▶ [ASSIGNMENT]: Report every line of the records that includes the word "shows".

(SUPPLIED RECORDS begins)

lemma map_pmf_swap12_round_pmf: "map_pmf swap12 (round_pmf pm pb) = round_pmf pm pb"
proof (rule pmf_eqI)
  fix \<omega>
  have swap12_swap12: "swap12 (swap12 \<omega>') = \<omega>'" for \<omega>'
    by (simp add: swap12_def split: prod.splits)
  then have "inj swap12"
    by (metis injI)
  then have "pmf (map_pmf swap12 (round_pmf pm pb)) \<omega> = pmf (round_pmf pm pb) (swap12 \<omega>)"
    by (metis pmf_map_inj' swap12_swap12)
  also have "\<dots> = pmf (round_pmf pm pb) \<omega>"
    by (simp add: swap12_def round_pmf_def pmf_pair split: prod.splits)
  finally show "pmf (map_pmf swap12 (round_pmf pm pb)) \<omega> = pmf (round_pmf pm pb) \<omega>" .
qed

lemma integrable_swap12_round_pmf:
  "integrable (measure_pmf (round_pmf pm pb)) (\<lambda>\<omega>. f (swap12 \<omega>))
     \<longleftrightarrow> integrable (measure_pmf (round_pmf pm pb)) (f :: outcome \<Rightarrow> real)"
  by (metis integrable_map_pmf_eq map_pmf_swap12_round_pmf)

lemma expectation_swap12_round_pmf:
  "measure_pmf.expectation (round_pmf pm pb) (\<lambda>\<omega>. f (swap12 \<omega>))
     = measure_pmf.expectation (round_pmf pm pb) (f :: outcome \<Rightarrow> real)"
  by (metis integral_map_pmf map_pmf_swap12_round_pmf)

lemma U1_decomposition:
  fixes pm pb v :: real
  defines "E \<equiv> measure_pmf.expectation (round_pmf pm pb)"
    and "X \<equiv> Xof tm tb" and "A \<equiv> Aplus tm tb tcut" and "AA \<equiv> Aplus2 tm tb tcut"
  shows "U1 pm pb tm tb tcut v =
            2 * ( E (\<lambda>\<omega>. exp (- v * (X L1 \<omega> - X L2 \<omega>)) * of_bool (AA L1 L2 \<omega>))
                + E (\<lambda>\<omega>. exp (- v * (X L1 \<omega> - X Lb \<omega>)) * of_bool (AA L1 Lb \<omega>))
                - E (\<lambda>\<omega>. exp (- v * (X L1 \<omega> - X L2 \<omega>)) * of_bool (AA L1 L2 \<omega> \<and> AA L1 Lb \<omega>)))
            + E (\<lambda>\<omega>. exp (- v * (2 * X Lb \<omega> - X L1 \<omega> - X L2 \<omega>)) * of_bool (A Lb \<omega>))
            - E (\<lambda>\<omega>. exp (- v * (X L1 \<omega> - X Lb \<omega>)) * of_bool (A L1 \<omega> \<and> A L2 \<omega>))
            - 2 * E (\<lambda>\<omega>. exp (- v * (X L1 \<omega> - X L2 \<omega>)) * of_bool (A L1 \<omega> \<and> A Lb \<omega>))
            + E (\<lambda>\<omega>. of_bool (A L1 \<omega> \<and> A L2 \<omega> \<and> A Lb \<omega>))"
proof -
  let ?P = "measure_pmf (round_pmf pm pb)"
  have integrable: "integrable ?P (\<lambda>\<omega>. exp (- v * d \<omega>) * of_bool (S \<omega>))"
    if "\<And>\<omega>. S \<omega> \<Longrightarrow> \<bar>d \<omega>\<bar> \<le> 2 * real tcut" for d S
    using that by (rule integrable_exp_mult_of_bool)
  define T where "T \<omega> =
      exp (- v * (X L1 \<omega> - X L2 \<omega>)) * of_bool (AA L1 L2 \<omega>)
    + exp (- v * (X L1 \<omega> - X Lb \<omega>)) * of_bool (AA L1 Lb \<omega>)
    - exp (- v * (X L1 \<omega> - X L2 \<omega>)) * of_bool (AA L1 L2 \<omega> \<and> AA L1 Lb \<omega>)" for \<omega>
  define H where "H \<omega> = exp (- v * (X L1 \<omega> - X L2 \<omega>)) * of_bool (A L1 \<omega> \<and> A Lb \<omega>)" for \<omega>
  have bound:
    "\<bar>X l \<omega> - X l' \<omega>\<bar> \<le> 2 * real tcut" "\<bar>2 * X Lb \<omega> - X L1 \<omega> - X L2 \<omega>\<bar> \<le> 2 * real tcut"
    if "succ tm tb tcut \<omega>" for l l' \<omega>
    using abs_Xof_diff_le[OF that, of l l'] abs_Xof_diff_le[OF that, of Lb L1]
      abs_Xof_diff_le[OF that, of Lb L2] unfolding X_def by linarith+
  have int_terms:
    "integrable ?P (\<lambda>\<omega>. exp (- v * (X L1 \<omega> - X L2 \<omega>)) * of_bool (AA L1 L2 \<omega>))"
    "integrable ?P (\<lambda>\<omega>. exp (- v * (X L1 \<omega> - X Lb \<omega>)) * of_bool (AA L1 Lb \<omega>))"
    "integrable ?P (\<lambda>\<omega>. exp (- v * (X L1 \<omega> - X L2 \<omega>)) * of_bool (AA L1 L2 \<omega> \<and> AA L1 Lb \<omega>))"
    "integrable ?P (\<lambda>\<omega>. exp (- v * (2 * X Lb \<omega> - X L1 \<omega> - X L2 \<omega>)) * of_bool (A Lb \<omega>))"
    "integrable ?P (\<lambda>\<omega>. exp (- v * (X L1 \<omega> - X Lb \<omega>)) * of_bool (A L1 \<omega> \<and> A L2 \<omega>))"
    "integrable ?P H"
    unfolding H_def by (rule integrable; auto simp: A_def AA_def Aplus_def Aplus2_def bound)+
  have int_T: "integrable ?P T"
    using int_terms(1-3) by (simp add: T_def[abs_def])
  have int_swap12: "integrable ?P (\<lambda>\<omega>. T (swap12 \<omega>))" "integrable ?P (\<lambda>\<omega>. H (swap12 \<omega>))"
    using int_T int_terms(6) by (simp_all only: integrable_swap12_round_pmf)
  have int_triple: "integrable ?P (\<lambda>\<omega>. of_bool (A L1 \<omega> \<and> A L2 \<omega> \<and> A Lb \<omega>) :: real)"
    by (rule measure_pmf.integrable_const_bound[where B = 1]) auto
  have "U1 pm pb tm tb tcut v = E (\<lambda>\<omega>. T \<omega> + T (swap12 \<omega>)
      + exp (- v * (2 * X Lb \<omega> - X L1 \<omega> - X L2 \<omega>)) * of_bool (A Lb \<omega>)
      - exp (- v * (X L1 \<omega> - X Lb \<omega>)) * of_bool (A L1 \<omega> \<and> A L2 \<omega>)
      - H \<omega> - H (swap12 \<omega>) + of_bool (A L1 \<omega> \<and> A L2 \<omega> \<and> A Lb \<omega>))"
    unfolding U1_def E_def X_def A_def AA_def T_def H_def
    by (simp only: exp_Xdiff_mult_succ_decomposition)
  also have "\<dots> = 2 * E T
      + E (\<lambda>\<omega>. exp (- v * (2 * X Lb \<omega> - X L1 \<omega> - X L2 \<omega>)) * of_bool (A Lb \<omega>))
      - E (\<lambda>\<omega>. exp (- v * (X L1 \<omega> - X Lb \<omega>)) * of_bool (A L1 \<omega> \<and> A L2 \<omega>))
      - 2 * E H + E (\<lambda>\<omega>. of_bool (A L1 \<omega> \<and> A L2 \<omega> \<and> A Lb \<omega>))"
    using int_terms int_T int_swap12 int_triple
    by (simp add: E_def expectation_swap12_round_pmf)
  finally show ?thesis
    using int_terms(1-3) by (simp add: T_def[abs_def] H_def[abs_def] E_def)
qed

text \<open>The right-hand side is half the total storage time of the six qubits, \<open>t_msg\<close> excluded.\<close>

lemma Xdiff_eq_storage_time:
  fixes \<omega> :: outcome
  defines "s1 \<equiv> max (Xof tm tb L1 \<omega>) (Xof tm tb Lb \<omega>)"
    and "s2 \<equiv> max (Xof tm tb L2 \<omega>) (Xof tm tb Lb \<omega>)"
  shows "Xdiff tm tb \<omega> = max s1 s2 + s1 + s2 - Xof tm tb L1 \<omega> - Xof tm tb L2 \<omega> - Xof tm tb Lb \<omega>"
  unfolding s1_def s2_def Xdiff_def Xmax_def Xmin_def
  by (cases "Xof tm tb L1 \<omega> \<le> Xof tm tb L2 \<omega>"; cases "Xof tm tb L2 \<omega> \<le> Xof tm tb Lb \<omega>";
      cases "Xof tm tb L1 \<omega> \<le> Xof tm tb Lb \<omega>") (simp_all add: max_def min_def)

lemma w_e2e_eq:
  "w_e2e wm wb tcoh tm tb tmsg \<omega>
     = wm\<^sup>2 * wb * exp (- (2 / tcoh) * real tmsg) * exp (- (2 / tcoh) * Xdiff tm tb \<omega>)"
proof -
  define X1 X2 Xb where "X1 = Xof tm tb L1 \<omega>" and "X2 = Xof tm tb L2 \<omega>" and "Xb = Xof tm tb Lb \<omega>"
  define s1 s2 where "s1 = max X1 Xb" and "s2 = max X2 Xb"
  define D where "D = max s1 s2 + real tmsg"
  have "w_e2e wm wb tcoh tm tb tmsg \<omega> = wm\<^sup>2 * wb * exp (- (D - X1) / tcoh + - (s1 - X1) / tcoh
      + - (s1 - Xb) / tcoh + - (s2 - Xb) / tcoh + - (s2 - X2) / tcoh + - (D - X2) / tcoh)"
    unfolding w_e2e_def Let_def depol_def X1_def X2_def Xb_def s1_def s2_def D_def
    by (simp add: exp_add power2_eq_square mult_ac)
  also have "- (D - X1) / tcoh + - (s1 - X1) / tcoh + - (s1 - Xb) / tcoh + - (s2 - Xb) / tcoh
      + - (s2 - X2) / tcoh + - (D - X2) / tcoh = - (2 / tcoh) * real tmsg + - (2 / tcoh) * Xdiff tm tb \<omega>"
    unfolding Xdiff_eq_storage_time D_def s1_def s2_def X1_def X2_def Xb_def
    by (simp add: field_split_simps)
  finally show ?thesis
    by (simp only: exp_add mult.assoc)
qed

lemma integrable_w_e2e_mult_succ:
  "integrable (measure_pmf P) (\<lambda>\<omega>. w_e2e wm wb tcoh tm tb tmsg \<omega> * of_bool (succ tm tb tcut \<omega>))"
proof -
  have "integrable (measure_pmf P) (\<lambda>\<omega>. exp (- (2 / tcoh) * Xdiff tm tb \<omega>) * of_bool (succ tm tb tcut \<omega>))"
    by (rule integrable_exp_mult_of_bool) (rule abs_Xdiff_le)
  then show ?thesis
    by (simp add: w_e2e_eq mult.assoc)
qed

(SUPPLIED RECORDS ends)

▶ [RESPONSE TO THE EXERCISE]:
  shows "U1 pm pb tm tb tcut v =
  shows "Xdiff tm tb \<omega> = max s1 s2 + s1 + s2 - Xof tm tb L1 \<omega> - Xof tm tb L2 \<omega> - Xof tm tb Lb \<omega>"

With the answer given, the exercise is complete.